Retype, word for word, each line between the lines holding "j < k \<and>" and "K in sequentially.", inclusive, and leave the rest of the data alone.

Provided records Start Marker

lemma nn_integral_pmf_of_nat_indicator:
  fixes \<mu> :: "nat pmf"
  assumes "integrable (measure_pmf \<mu>) real"
  shows "(\<integral>\<^sup>+k. of_nat k * indicator A k \<partial>measure_pmf \<mu>) = ennreal (\<integral>k. real k * indicator A k \<partial>measure_pmf \<mu>)"
proof -
  have "(\<integral>\<^sup>+k. of_nat k * indicator A k \<partial>measure_pmf \<mu>) = (\<integral>\<^sup>+k. ennreal (real k * indicator A k) \<partial>measure_pmf \<mu>)"
    by (intro nn_integral_cong) (auto simp: indicator_def ennreal_of_nat_eq_real_of_nat)
  also have "\<dots> = ennreal (\<integral>k. real k * indicator A k \<partial>measure_pmf \<mu>)"
    using assms by (intro nn_integral_eq_integral integrable_real_mult_indicator) auto
  finally show ?thesis .
qed

lemma emeasure_GW_path_cylinder:
  fixes \<mu> :: "nat pmf"
  assumes "length x = N"
  shows "emeasure (GW \<mu>) {\<omega> \<in> space (GW \<mu>). \<forall>j<N. \<omega> (take j x) \<in> S j}
     = (\<Prod>j<N. emeasure (measure_pmf \<mu>) (S j))"
proof -
  interpret product_prob_space "\<lambda>_. measure_pmf \<mu>" "UNIV :: nat list set"
    by unfold_locales
  let ?J = "(\<lambda>j. take j x) ` {..<N}"
  have inj: "inj_on (\<lambda>j. take j x) {..<N}"
    using assms by (intro inj_onI) (metis length_take lessThan_iff min.absorb4 min.strict_order_iff)
  have "{\<omega> \<in> space (GW \<mu>). \<forall>j<N. \<omega> (take j x) \<in> S j} = {\<omega> \<in> space (GW \<mu>). \<forall>u\<in>?J. \<omega> u \<in> S (length u)}"
    using assms by auto
  also have "emeasure (GW \<mu>) \<dots> = (\<Prod>u\<in>?J. emeasure (measure_pmf \<mu>) (S (length u)))"
    unfolding GW_def by (rule emeasure_PiM_Collect) auto
  also have "\<dots> = (\<Prod>j<N. emeasure (measure_pmf \<mu>) (S j))"
    using assms by (simp add: prod.reindex[OF inj])
  finally show ?thesis .
qed

lemma emeasure_GW_ex_path_le:
  fixes \<mu> :: "nat pmf"
  shows "emeasure (GW \<mu>) {\<omega> \<in> space (GW \<mu>). \<exists>x. length x = N \<and> (\<forall>j<N. \<omega> (take j x) \<in> S j (x ! j))}
     \<le> (\<Prod>j<N. \<integral>\<^sup>+i. emeasure (measure_pmf \<mu>) (S j i) \<partial>count_space UNIV)"
proof -
  define C where "C x = {\<omega> \<in> space (GW \<mu>). \<forall>j<N. \<omega> (take j x) \<in> S j (x ! j)}" for x
  have [measurable]: "C x \<in> sets (GW \<mu>)" for x
    unfolding C_def GW_def by measurable
  have "{\<omega> \<in> space (GW \<mu>). \<exists>x. length x = N \<and> (\<forall>j<N. \<omega> (take j x) \<in> S j (x ! j))}
      = \<Union>(C ` {x. length x = N})"
    by (auto simp: C_def)
  also have "emeasure (GW \<mu>) \<dots> \<le> (\<integral>\<^sup>+x. emeasure (GW \<mu>) (C x) \<partial>count_space {x. length x = N})"
    by (rule emeasure_UN_countable_le) auto
  also have "\<dots> = (\<integral>\<^sup>+x. (\<Prod>j<N. emeasure (measure_pmf \<mu>) (S j (x ! j))) \<partial>count_space {x. length x = N})"
    by (intro nn_integral_cong) (simp add: C_def emeasure_GW_path_cylinder)
  also have "\<dots> = (\<Prod>j<N. \<integral>\<^sup>+i. emeasure (measure_pmf \<mu>) (S j i) \<partial>count_space UNIV)"
    by (rule nn_integral_lists_prod_nth)
  finally show ?thesis .
qed

lemma emeasure_GW_ex_tree_path_le:
  fixes \<mu> :: "nat pmf"
  shows "emeasure (GW \<mu>) {\<omega> \<in> space (GW \<mu>). \<exists>x. length x = N \<and> in_tree \<omega> x \<and> (\<forall>j<N. P j (\<omega> (take j x)))}
     \<le> (\<Prod>j<N. \<integral>\<^sup>+k. of_nat k * indicator {k. P j k} k \<partial>measure_pmf \<mu>)"
proof -
  have "{\<omega> \<in> space (GW \<mu>). \<exists>x. length x = N \<and> in_tree \<omega> x \<and> (\<forall>j<N. P j (\<omega> (take j x)))}
      = {\<omega> \<in> space (GW \<mu>). \<exists>x. length x = N \<and> (\<forall>j<N. \<omega> (take j x) \<in> {k. x ! j < k \<and> P j k})}"
    by (auto simp: in_tree_def)
  then show ?thesis
    using emeasure_GW_ex_path_le[of \<mu> N "\<lambda>j i. {k. i < k \<and> P j k}"]
    by (simp only: nn_integral_tail_pmf)
qed

definition tail_mean :: "nat pmf \<Rightarrow> nat \<Rightarrow> real" where
  "tail_mean \<mu> K = (\<integral>k. real k * indicator {K..} k \<partial>measure_pmf \<mu>)"

lemma tail_mean_nonneg: "0 \<le> tail_mean \<mu> K"
  unfolding tail_mean_def by (intro integral_nonneg_AE) (auto simp: indicator_def)

lemma tendsto_tail_mean_zero:
  assumes "integrable (measure_pmf \<mu>) real"
  shows "tail_mean \<mu> \<longlonglongrightarrow> 0"
proof -
  have "(\<lambda>K. \<integral>k. real k * indicator {K..} k \<partial>measure_pmf \<mu>) \<longlonglongrightarrow> (\<integral>k. 0 \<partial>measure_pmf \<mu>)"
  proof (rule integral_dominated_convergence[where w = real])
    show "AE k in measure_pmf \<mu>. (\<lambda>K. real k * indicator {K..} k) \<longlonglongrightarrow> 0"
    proof (rule AE_I2)
      fix k :: nat
      have "\<forall>\<^sub>F K in sequentially. real k * indicator {K..} k = 0"
        using eventually_gt_at_top[of k] by eventually_elim (auto simp: indicator_def)
      then show "(\<lambda>K. real k * indicator {K..} k) \<longlonglongrightarrow> 0"
        by (rule tendsto_eventually)
    qed
  qed (auto simp: assms indicator_def)
  then show ?thesis
    by (simp add: tail_mean_def[abs_def])
qed

lemma sets_GW_small_degree_ancestor:
  "{\<omega> \<in> space (GW \<mu>). \<forall>x \<in> generation \<omega> N. \<exists>y. prefix y x \<and> L \<le> int (length y) \<and> real (tree_deg \<omega> y) \<le> t}
     \<in> sets (GW \<mu>)"
proof -
  have "{\<omega> \<in> space (GW \<mu>). \<forall>x \<in> generation \<omega> N. \<exists>y. prefix y x \<and> L \<le> int (length y) \<and> real (tree_deg \<omega> y) \<le> t}
     = {\<omega> \<in> space (PiM UNIV (\<lambda>_. measure_pmf \<mu>)). \<forall>x.
         (\<forall>k < length x. x ! k < \<omega> (take k x)) \<and> length x = N \<longrightarrow>
         (\<exists>y. prefix y x \<and> L \<le> int (length y) \<and> real (\<omega> y + (if y = [] then 0 else 1)) \<le> t)}"
    by (auto simp: GW_def generation_def in_tree_def tree_deg_def)
  also have "\<dots> \<in> sets (PiM UNIV (\<lambda>_. measure_pmf \<mu>))"
    by measurable
  finally show ?thesis
    by (simp add: GW_def)
qed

Provided records End Marker

**Task output:**
      = {\<omega> \<in> space (GW \<mu>). \<exists>x. length x = N \<and> (\<forall>j<N. \<omega> (take j x) \<in> {k. x ! j < k \<and> P j k})}"
    by (auto simp: in_tree_def)
  then show ?thesis
    using emeasure_GW_ex_path_le[of \<mu> N "\<lambda>j i. {k. i < k \<and> P j k}"]
    by (simp only: nn_integral_tail_pmf)
qed

definition tail_mean :: "nat pmf \<Rightarrow> nat \<Rightarrow> real" where
  "tail_mean \<mu> K = (\<integral>k. real k * indicator {K..} k \<partial>measure_pmf \<mu>)"

lemma tail_mean_nonneg: "0 \<le> tail_mean \<mu> K"
  unfolding tail_mean_def by (intro integral_nonneg_AE) (auto simp: indicator_def)

lemma tendsto_tail_mean_zero:
  assumes "integrable (measure_pmf \<mu>) real"
  shows "tail_mean \<mu> \<longlonglongrightarrow> 0"
proof -
  have "(\<lambda>K. \<integral>k. real k * indicator {K..} k \<partial>measure_pmf \<mu>) \<longlonglongrightarrow> (\<integral>k. 0 \<partial>measure_pmf \<mu>)"
  proof (rule integral_dominated_convergence[where w = real])
    show "AE k in measure_pmf \<mu>. (\<lambda>K. real k * indicator {K..} k) \<longlonglongrightarrow> 0"
    proof (rule AE_I2)
      fix k :: nat
      have "\<forall>\<^sub>F K in sequentially. real k * indicator {K..} k = 0"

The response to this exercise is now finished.